Problem details
Each line of the listing below that includes "insert" should be reported.

--- START ---

lemma frac_decomposition_floor:
  assumes dec: "frac_decomposition I M F L"
  shows "\<exists>M' L'. frac_decomposition I M' (\<lambda>x. of_int \<lfloor>F x\<rfloor>) L' \<and> (\<forall>(c, q)\<in>set L'. \<forall>\<alpha>. c \<alpha> \<in> \<int>)"
proof -
  define M' where "M' = M \<union> fst ` set L"
  define L' :: "(coeff \<times> ((coeff option \<Rightarrow> real) \<Rightarrow> real)) list"
    where "L' = map (\<lambda>(c, q). (\<lambda>\<alpha>. of_int \<lfloor>c \<alpha>\<rfloor>, q)) L @
    [(\<lambda>\<alpha>. 1, \<lambda>x. of_int \<lfloor>\<Sum>(c, q)\<leftarrow>L. x (Some c) * q x\<rfloor>)]"
  have terms: "\<And>c q. (c, q) \<in> set L \<Longrightarrow> gp_on I c \<and> gp_on (insert None (Some ` M)) q \<and> int_valued q"
    using dec by (auto simp: frac_decomposition_def)
  have M': "finite M'" "\<forall>c\<in>M'. gp_on I c"
    using dec terms by (auto simp: M'_def frac_decomposition_def)
  have gp_q: "gp_on (insert None (Some ` M')) q" if "(c, q) \<in> set L" for c q
    using terms[OF that] by (auto simp: M'_def elim!: gp_on_mono)
  \<comment> \<open>Split each coefficient into integer and fractional part; as the \<open>q\<close> are integral,
    only the fractional parts remain under the floor, where they become new variables.\<close>
  have floor_eq: "of_int \<lfloor>F (case_option (of_int n) \<alpha>)\<rfloor> =
      (\<Sum>(c, q)\<leftarrow>L'. c \<alpha> * q (frac_env \<alpha> n))" for \<alpha> n
  proof -
    define x where "x = frac_env \<alpha> n"
    have q_int: "q x \<in> \<int>" if "(c, q) \<in> set L" for c q
      using terms[OF that] by (simp add: int_valued_def x_def frac_env_def)
    define A where "A = (\<Sum>(c, q)\<leftarrow>L. of_int \<lfloor>c \<alpha>\<rfloor> * q x)"
    have "F (case_option (of_int n) \<alpha>) = A + (\<Sum>(c, q)\<leftarrow>L. x (Some c) * q x)"
      using dec by (simp add: frac_decomposition_def A_def x_def frac_env_def frac_def
          sum_list_addf[symmetric] split_def algebra_simps)
    moreover have "A \<in> \<int>"
      unfolding A_def by (rule Ints_sum_list) (auto dest: q_int)
    ultimately show ?thesis
      by (auto simp: L'_def A_def x_def split_def o_def elim!: Ints_cases)
  qed
  have gp_new_term: "gp_on (insert None (Some ` M')) (\<lambda>x. \<Sum>(c, q)\<leftarrow>L. x (Some c) * q x)"
  proof (rule gp_on_sum_list, clarify)
    fix c q assume cq: "(c, q) \<in> set L"
    then have "Some c \<in> insert None (Some ` M')"
      by (force simp: M'_def)
    with gp_q[OF cq] show "gp_on (insert None (Some ` M')) (\<lambda>x. x (Some c) * q x)"
      by (intro gp_on.intros)
  qed
  have "frac_decomposition I M' (\<lambda>x. of_int \<lfloor>F x\<rfloor>) L'"
    unfolding frac_decomposition_def
  proof (intro conjI)
    show "\<forall>(c, q)\<in>set L'. gp_on I c \<and> gp_on (insert None (Some ` M')) q \<and> int_valued q"
      using terms gp_q gp_new_term
      by (auto simp: L'_def int_valued_def intro: gp_on.intros)
  qed (use M' floor_eq in auto)
  moreover have "\<forall>(c, q)\<in>set L'. \<forall>\<alpha>. c \<alpha> \<in> \<int>"
    by (auto simp: L'_def)
  ultimately show ?thesis by blast
qed
(* Let $p$ be a prime, $e\geq 2$, and $G$ a finite abelian $p$-group. Let $\overline{f_e}: V(\mathbb{Z}_{p^e}G)\to V(\mathbb{Z}_{p^{e-1}}G)$ be the group homomorphism induced by the ring homomorphism $\mathbb{Z}_{p^e}G\to\mathbb{Z}_{p^{e-1}}G$, $\sum_g a_g g\mapsto \sum_g (a_g \bmod p^{e-1}) g$. Then $\ker(\overline{f_e})=1+p^{e-1}\omega(\mathbb{Z}_{p^e}G)$ is an elementary abelian $p$-group of order $p^{|G|-1}$ and \[ V(\mathbb{Z}_{p^e}G)/\big(1+p^{e-1}\omega(\mathbb{Z}_{p^e}G)\big)\cong V(\mathbb{Z}_{p^{e-1}}G). \]
   Context: $\mathbb{Z}_{p^k}$ is the ring of residues modulo $p^k$. For a commutative ring $R$, $\omega(RG)$ is the augmentation ideal of $RG$ (elements whose coefficients sum to $0$), and $V(RG)=1+\omega(RG)$ is the group of normalized units. $1+p^{e-1}\omega(\mathbb{Z}_{p^e}G)=\{1+p^{e-1}z: z\in\omega(\mathbb{Z}_{p^e}G)\}$. *)

theory Defs
  imports "HOL-Algebra.Algebra" "HOL-Computational_Algebra.Primes"
begin

text \<open>The group ring Z_m G for a finite group G (HOL-Algebra structure) and a
modulus m: elements are coefficient functions a :: 'a => int, with a g in {0..<m}
for g in carrier G (canonical residues mod m) and a g = 0 outside carrier G.\<close>

definition gr_elems :: "nat \<Rightarrow> ('a, 'b) monoid_scheme \<Rightarrow> ('a \<Rightarrow> int) set" where
  "gr_elems m G = {a. (\<forall>g \<in> carrier G. 0 \<le> a g \<and> a g < int m) \<and> (\<forall>g. g \<notin> carrier G \<longrightarrow> a g = 0)}"

definition gr_mult :: "nat \<Rightarrow> ('a, 'b) monoid_scheme \<Rightarrow> ('a \<Rightarrow> int) \<Rightarrow> ('a \<Rightarrow> int) \<Rightarrow> ('a \<Rightarrow> int)" where
  "gr_mult m G a b = (\<lambda>g. if g \<in> carrier G
      then (\<Sum>h \<in> carrier G. a h * b (inv\<^bsub>G\<^esub> h \<otimes>\<^bsub>G\<^esub> g)) mod int m else 0)"

definition gr_one :: "nat \<Rightarrow> ('a, 'b) monoid_scheme \<Rightarrow> ('a \<Rightarrow> int)" where
  "gr_one m G = (\<lambda>g. if g = \<one>\<^bsub>G\<^esub> then 1 mod int m else 0)"

definition gr_add :: "nat \<Rightarrow> ('a, 'b) monoid_scheme \<Rightarrow> ('a \<Rightarrow> int) \<Rightarrow> ('a \<Rightarrow> int) \<Rightarrow> ('a \<Rightarrow> int)" where
  "gr_add m G a b = (\<lambda>g. if g \<in> carrier G then (a g + b g) mod int m else 0)"

definition gr_scal :: "nat \<Rightarrow> ('a, 'b) monoid_scheme \<Rightarrow> int \<Rightarrow> ('a \<Rightarrow> int) \<Rightarrow> ('a \<Rightarrow> int)" where
  "gr_scal m G c a = (\<lambda>g. if g \<in> carrier G then (c * a g) mod int m else 0)"

definition augmentation :: "nat \<Rightarrow> ('a, 'b) monoid_scheme \<Rightarrow> ('a \<Rightarrow> int) \<Rightarrow> int" where
  "augmentation m G a = (\<Sum>g \<in> carrier G. a g) mod int m"

definition aug_ideal :: "nat \<Rightarrow> ('a, 'b) monoid_scheme \<Rightarrow> ('a \<Rightarrow> int) set" where
  "aug_ideal m G = {a \<in> gr_elems m G. augmentation m G a = 0}"

definition V :: "nat \<Rightarrow> ('a, 'b) monoid_scheme \<Rightarrow> ('a \<Rightarrow> int) monoid" where
  "V m G = \<lparr> carrier = {a \<in> gr_elems m G. augmentation m G a = 1 mod int m \<and>
                (\<exists>b \<in> gr_elems m G. gr_mult m G a b = gr_one m G \<and> gr_mult m G b a = gr_one m G)},
            monoid.mult = gr_mult m G, one = gr_one m G \<rparr>"

definition gr_reduce :: "nat \<Rightarrow> ('a \<Rightarrow> int) \<Rightarrow> ('a \<Rightarrow> int)" where
  "gr_reduce n a = (\<lambda>g. a g mod int n)"

definition one_plus_aug :: "nat \<Rightarrow> nat \<Rightarrow> ('a, 'b) monoid_scheme \<Rightarrow> ('a \<Rightarrow> int) set" where
  "one_plus_aug p e G = {gr_add (p^e) G (gr_one (p^e) G) (gr_scal (p^e) G (int (p^(e-1))) z) | z. z \<in> aug_ideal (p^e) G}"

end

theory Submission
  imports Defs "HOL-Number_Theory.Cong"
begin

text \<open>
Write \<open>N = p^(e-1)\<close>. Since \<open>N\<^sup>2\<close> is divisible by \<open>p^e\<close>, the elements \<open>1 + N z\<close> of
\<open>Z_{p^e} G\<close> multiply by adding the \<open>z\<close>'s, so \<open>z \<mapsto> 1 + N z\<close> is a homomorphism from the
additive group of \<open>Z_p G\<close> whose image, restricted to \<open>z\<close> of augmentation divisible by \<open>p\<close>,
is exactly the kernel of reduction mod \<open>N\<close>. Hence the kernel is elementary abelian of order
\<open>p^(|G|-1)\<close>. Reduction is onto: lift a normalized unit \<open>b\<close> to \<open>a\<close> of augmentation 1; if
\<open>a c = 1 + N r\<close> for a lift \<open>c\<close> of \<open>b\<^sup>-\<^sup>1\<close>, then \<open>c (1 - N r)\<close> inverts \<open>a\<close>.
The first isomorphism theorem gives the quotient.
\<close>

lemma comm_group_subgroup_carrier:
  assumes "comm_group G" and "subgroup H G"
  shows "comm_group (G\<lparr>carrier := H\<rparr>)"
proof -
  interpret comm_group G by (fact assms(1))
  show ?thesis
    by (rule group.group_comm_groupI[OF subgroup.subgroup_is_group[OF assms(2) is_group]])
       (use subgroup.subset[OF assms(2)] in \<open>auto intro: m_comm\<close>)
qed

lemma cong_obtain_quotient:
  assumes "\<And>x. x \<in> A \<Longrightarrow> [u x = v x] (mod (n::int))"
  obtains w where "\<forall>x \<in> A. u x = v x + n * w x"
proof
  show "\<forall>x \<in> A. u x = v x + n * ((u x - v x) div n)"
    using assms by (simp add: cong_iff_dvd_diff)
qed

lemma PiE_dvd_sum_apply:
  fixes w :: "'a \<Rightarrow> int"
  assumes "finite A" "a \<in> A" and "w \<in> A \<rightarrow>\<^sub>E {0..<int m}" and "int m dvd (\<Sum>x\<in>A. w x)"
  shows "w a = (- (\<Sum>x\<in>A - {a}. w x)) mod int m"
proof -
  have "w a = w a mod int m" using PiE_mem[OF assms(3,2)] by simp
  also have "\<dots> = (- (\<Sum>x\<in>A - {a}. w x)) mod int m"
    using assms(4) assms(1,2) by (simp add: sum.remove mod_eq_dvd_iff)
  finally show ?thesis .
qed
(* Let $G$ be a graph, $k$ a positive integer, $T\subseteq V(G)$ and $v\in T$. Let $(H,\ell)=\mathcal{C}^c_k(G,T)$. Construct a labeled graph $(H',\ell')$ as follows: for every node $x$ of $H$ set $\ell'(x)=\ell(x)|_{T\setminus\{v\}}$; then iteratively contract every edge between two nodes $x,y$ with $\ell'(x)=\ell'(y)$, assigning label $\ell'(z):=\ell'(x)$ to the resulting node $z$. Then $(H',\ell')=\mathcal{C}^c_k(G,T\setminus\{v\})$. Moreover, given any certificate $S$ for $(H,\ell)$, there is a certificate $S'$ for $(H',\ell')$ such that for every $k$-coloring $\gamma$ of $G$, the $\gamma$-node of $H'$ with respect to $S'$ is the node resulting from contracting the set of nodes that contains the $\gamma$-node of $H$ with respect to $S$.
   Context: A $k$-coloring of $G$ is a map $\alpha:V(G)\to\{1,\dots,k\}$ with $\alpha(u)\ne\alpha(v)$ for all edges $uv$. $\mathcal{C}_k(G)$ has the $k$-colorings as nodes, adjacent iff they differ on exactly one vertex. For $T\subseteq V(G)$, label each coloring $\gamma$ by $\gamma|_T$. A label component is a maximal set of colorings with the same label inducing a connected subgraph of $\mathcal{C}_k(G)$. The contracted solution graph $\mathcal{C}^c_k(G,T)=(H,\ell)$ has one node $x$ per label component $S_x$, distinct $x,y$ adjacent iff some $\gamma\in S_x,\gamma'\in S_y$ are adjacent in $\mathcal{C}_k(G)$, and $\ell(x)$ the common label on $S_x$; labeled graphs are identified up to label-preserving isomorphism. Contracting an edge $uv$ replaces $u,v$ by a new vertex adjacent to all former neighbors of $u$ or $v$ (no loops or multi-edges). A certificate for $(H,\ell)$ is an assignment of nonempty sets $S_x$ of $k$-colorings of $G$ to the nodes $x$ such that: the $S_x$ partition the $k$-colorings of $G$; $\gamma|_T=\ell(x)$ for $\gamma\in S_x$; adjacent nodes have distinct labels; each $S_x$ induces a connected subgraph of $\mathcal{C}_k(G)$; distinct $x,y$ are adjacent iff some $\gamma\in S_x$ and $\gamma'\in S_y$ are adjacent in $\mathcal{C}_k(G)$. The $\gamma$-node with respect to a certificate $S$ is the node $x$ with $\gamma\in S_x$. *)

theory Defs
  imports Main
begin

definition simple_graph :: "'v set \<Rightarrow> ('v \<Rightarrow> 'v \<Rightarrow> bool) \<Rightarrow> bool" where
  "simple_graph V E \<longleftrightarrow> finite V \<and> (\<forall>u w. E u w \<longrightarrow> E w u) \<and> (\<forall>u. \<not> E u u)
     \<and> (\<forall>u w. E u w \<longrightarrow> u \<in> V \<and> w \<in> V)"

text \<open>k-colourings of G, as maps V -> {1..k}; extended by 0 outside V so that they are
  uniquely represented.\<close>
definition colorings :: "'v set \<Rightarrow> ('v \<Rightarrow> 'v \<Rightarrow> bool) \<Rightarrow> nat \<Rightarrow> ('v \<Rightarrow> nat) set" where
  "colorings V E k = {\<alpha>. (\<forall>u\<in>V. \<alpha> u \<in> {1..k}) \<and> (\<forall>u. u \<notin> V \<longrightarrow> \<alpha> u = 0)
      \<and> (\<forall>u\<in>V. \<forall>w\<in>V. E u w \<longrightarrow> \<alpha> u \<noteq> \<alpha> w)}"

definition recol_adj :: "('v \<Rightarrow> nat) \<Rightarrow> ('v \<Rightarrow> nat) \<Rightarrow> bool" where
  "recol_adj \<alpha> \<beta> \<longleftrightarrow> card {u. \<alpha> u \<noteq> \<beta> u} = 1"

definition lab :: "'v set \<Rightarrow> ('v \<Rightarrow> nat) \<Rightarrow> ('v \<Rightarrow> nat)" where
  "lab T \<gamma> = (\<lambda>u. if u \<in> T then \<gamma> u else 0)"

definition induces_connected :: "('v \<Rightarrow> nat) set \<Rightarrow> bool" where
  "induces_connected S \<longleftrightarrow>
     (\<forall>\<alpha>\<in>S. \<forall>\<beta>\<in>S. (\<lambda>x y. x \<in> S \<and> y \<in> S \<and> recol_adj x y)\<^sup>*\<^sup>* \<alpha> \<beta>)"

definition same_label :: "'v set \<Rightarrow> ('v \<Rightarrow> nat) set \<Rightarrow> bool" where
  "same_label T S \<longleftrightarrow> (\<forall>\<alpha>\<in>S. \<forall>\<beta>\<in>S. lab T \<alpha> = lab T \<beta>)"

definition label_component ::
  "'v set \<Rightarrow> ('v \<Rightarrow> 'v \<Rightarrow> bool) \<Rightarrow> nat \<Rightarrow> 'v set \<Rightarrow> ('v \<Rightarrow> nat) set \<Rightarrow> bool" where
  "label_component V E k T S \<longleftrightarrow>
     S \<noteq> {} \<and> S \<subseteq> colorings V E k \<and> same_label T S \<and> induces_connected S \<and>
     (\<forall>S'. S \<subseteq> S' \<and> S' \<subseteq> colorings V E k \<and> same_label T S' \<and> induces_connected S'
        \<longrightarrow> S' = S)"

definition csg_nodes ::
  "'v set \<Rightarrow> ('v \<Rightarrow> 'v \<Rightarrow> bool) \<Rightarrow> nat \<Rightarrow> 'v set \<Rightarrow> ('v \<Rightarrow> nat) set set" where
  "csg_nodes V E k T = {S. label_component V E k T S}"

definition csg_adj :: "('v \<Rightarrow> nat) set \<Rightarrow> ('v \<Rightarrow> nat) set \<Rightarrow> bool" where
  "csg_adj X Y \<longleftrightarrow> X \<noteq> Y \<and> (\<exists>\<gamma>\<in>X. \<exists>\<gamma>'\<in>Y. recol_adj \<gamma> \<gamma>')"

definition csg_label :: "'v set \<Rightarrow> ('v \<Rightarrow> nat) set \<Rightarrow> ('v \<Rightarrow> nat)" where
  "csg_label T X = lab T (SOME \<gamma>. \<gamma> \<in> X)"

definition lg_iso ::
  "'a set \<Rightarrow> ('a \<Rightarrow> 'a \<Rightarrow> bool) \<Rightarrow> ('a \<Rightarrow> 'l) \<Rightarrow> 'b set \<Rightarrow> ('b \<Rightarrow> 'b \<Rightarrow> bool) \<Rightarrow> ('b \<Rightarrow> 'l) \<Rightarrow> bool"
  where
  "lg_iso N1 A1 L1 N2 A2 L2 \<longleftrightarrow>
     (\<exists>f. bij_betw f N1 N2 \<and> (\<forall>x\<in>N1. \<forall>y\<in>N1. A1 x y \<longleftrightarrow> A2 (f x) (f y))
          \<and> (\<forall>x\<in>N1. L1 x = L2 (f x)))"

definition is_csg ::
  "'v set \<Rightarrow> ('v \<Rightarrow> 'v \<Rightarrow> bool) \<Rightarrow> nat \<Rightarrow> 'v set \<Rightarrow>
   'a set \<Rightarrow> ('a \<Rightarrow> 'a \<Rightarrow> bool) \<Rightarrow> ('a \<Rightarrow> ('v \<Rightarrow> nat)) \<Rightarrow> bool" where
  "is_csg V E k T N A L \<longleftrightarrow> lg_iso N A L (csg_nodes V E k T) csg_adj (csg_label T)"

definition certificate ::
  "'v set \<Rightarrow> ('v \<Rightarrow> 'v \<Rightarrow> bool) \<Rightarrow> nat \<Rightarrow> 'v set \<Rightarrow>
   'a set \<Rightarrow> ('a \<Rightarrow> 'a \<Rightarrow> bool) \<Rightarrow> ('a \<Rightarrow> ('v \<Rightarrow> nat)) \<Rightarrow> ('a \<Rightarrow> ('v \<Rightarrow> nat) set) \<Rightarrow> bool" where
  "certificate V E k T N A L S \<longleftrightarrow>
     (\<forall>x\<in>N. S x \<noteq> {}) \<and>
     (\<Union>x\<in>N. S x) = colorings V E k \<and>
     (\<forall>x\<in>N. \<forall>y\<in>N. x \<noteq> y \<longrightarrow> S x \<inter> S y = {}) \<and>
     (\<forall>x\<in>N. \<forall>\<gamma>\<in>S x. lab T \<gamma> = L x) \<and>
     (\<forall>x\<in>N. \<forall>y\<in>N. A x y \<longrightarrow> L x \<noteq> L y) \<and>
     (\<forall>x\<in>N. induces_connected (S x)) \<and>
     (\<forall>x\<in>N. \<forall>y\<in>N. x \<noteq> y \<longrightarrow> (A x y \<longleftrightarrow> (\<exists>\<gamma>\<in>S x. \<exists>\<gamma>'\<in>S y. recol_adj \<gamma> \<gamma>')))"

text \<open>Nodes produced by contraction are represented by the set of original nodes of H
  they were obtained from.\<close>
inductive contract_step ::
  "('n set set \<times> ('n set \<Rightarrow> 'n set \<Rightarrow> bool) \<times> ('n set \<Rightarrow> 'l)) \<Rightarrow>
   ('n set set \<times> ('n set \<Rightarrow> 'n set \<Rightarrow> bool) \<times> ('n set \<Rightarrow> 'l)) \<Rightarrow> bool" where
  "\<lbrakk> X \<in> N; Y \<in> N; X \<noteq> Y; A X Y; L X = L Y;
     N' = insert (X \<union> Y) (N - {X, Y});
     A' = (\<lambda>P Q. P \<in> N' \<and> Q \<in> N' \<and> P \<noteq> Q \<and>
            (if P = X \<union> Y then A X Q \<or> A Y Q
             else if Q = X \<union> Y then A P X \<or> A P Y
             else A P Q));
     L' = L(X \<union> Y := L X) \<rbrakk>
   \<Longrightarrow> contract_step (N, A, L) (N', A', L')"

end

theory Submission
  imports Defs "HOL-Library.Disjoint_Sets"
begin

text \<open>Every certificate of the contracted solution graph consists of exactly its label
  components, and conversely the label components form a certificate; so it suffices to turn
  a certificate S of (H, l) into one of (H', l'). Give each node of H' the union of the parts
  S x of the nodes x of H it was contracted from. Contracting an edge between equally labelled
  nodes merges two connected sets joined by a recolouring step into a connected set with one
  label restricted to T - {v}, so these unions stay connected, equally labelled and adjacent
  exactly when some of their colourings are. When no edge joins equally labelled nodes any
  more, a recolouring step leaving a union leads into one with a different label, so the
  unions are maximal and form a certificate for T - {v}. Nothing about G, k or v beyond
  T - {v} \<subseteq> T is needed.\<close>

definition recol_within :: "('v \<Rightarrow> nat) set \<Rightarrow> ('v \<Rightarrow> nat) \<Rightarrow> ('v \<Rightarrow> nat) \<Rightarrow> bool" where
  "recol_within S \<alpha> \<beta> \<longleftrightarrow> \<alpha> \<in> S \<and> \<beta> \<in> S \<and> recol_adj \<alpha> \<beta>"

lemma induces_connected_iff:
  "induces_connected S \<longleftrightarrow> (\<forall>\<alpha>\<in>S. \<forall>\<beta>\<in>S. (recol_within S)\<^sup>*\<^sup>* \<alpha> \<beta>)"
  unfolding induces_connected_def recol_within_def by simp

lemma recol_adj_sym: "recol_adj \<alpha> \<beta> \<Longrightarrow> recol_adj \<beta> \<alpha>"
  unfolding recol_adj_def by (simp add: eq_commute)

lemma symp_recol_within: "symp (recol_within S)"
  by (auto intro: sympI simp: recol_within_def recol_adj_sym)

--- END ---

Exercise result
  have terms: "\<And>c q. (c, q) \<in> set L \<Longrightarrow> gp_on I c \<and> gp_on (insert None (Some ` M)) q \<and> int_valued q"
  have gp_q: "gp_on (insert None (Some ` M')) q" if "(c, q) \<in> set L" for c q
  have gp_new_term: "gp_on (insert None (Some ` M')) (\<lambda>x. \<Sum>(c, q)\<leftarrow>L. x (Some c) * q x)"
    then have "Some c \<in> insert None (Some ` M')"
    with gp_q[OF cq] show "gp_on (insert None (Some ` M')) (\<lambda>x. x (Some c) * q x)"
    show "\<forall>(c, q)\<in>set L'. gp_on I c \<and> gp_on (insert None (Some ` M')) q \<and> int_valued q"
     N' = insert (X \<union> Y) (N - {X, Y});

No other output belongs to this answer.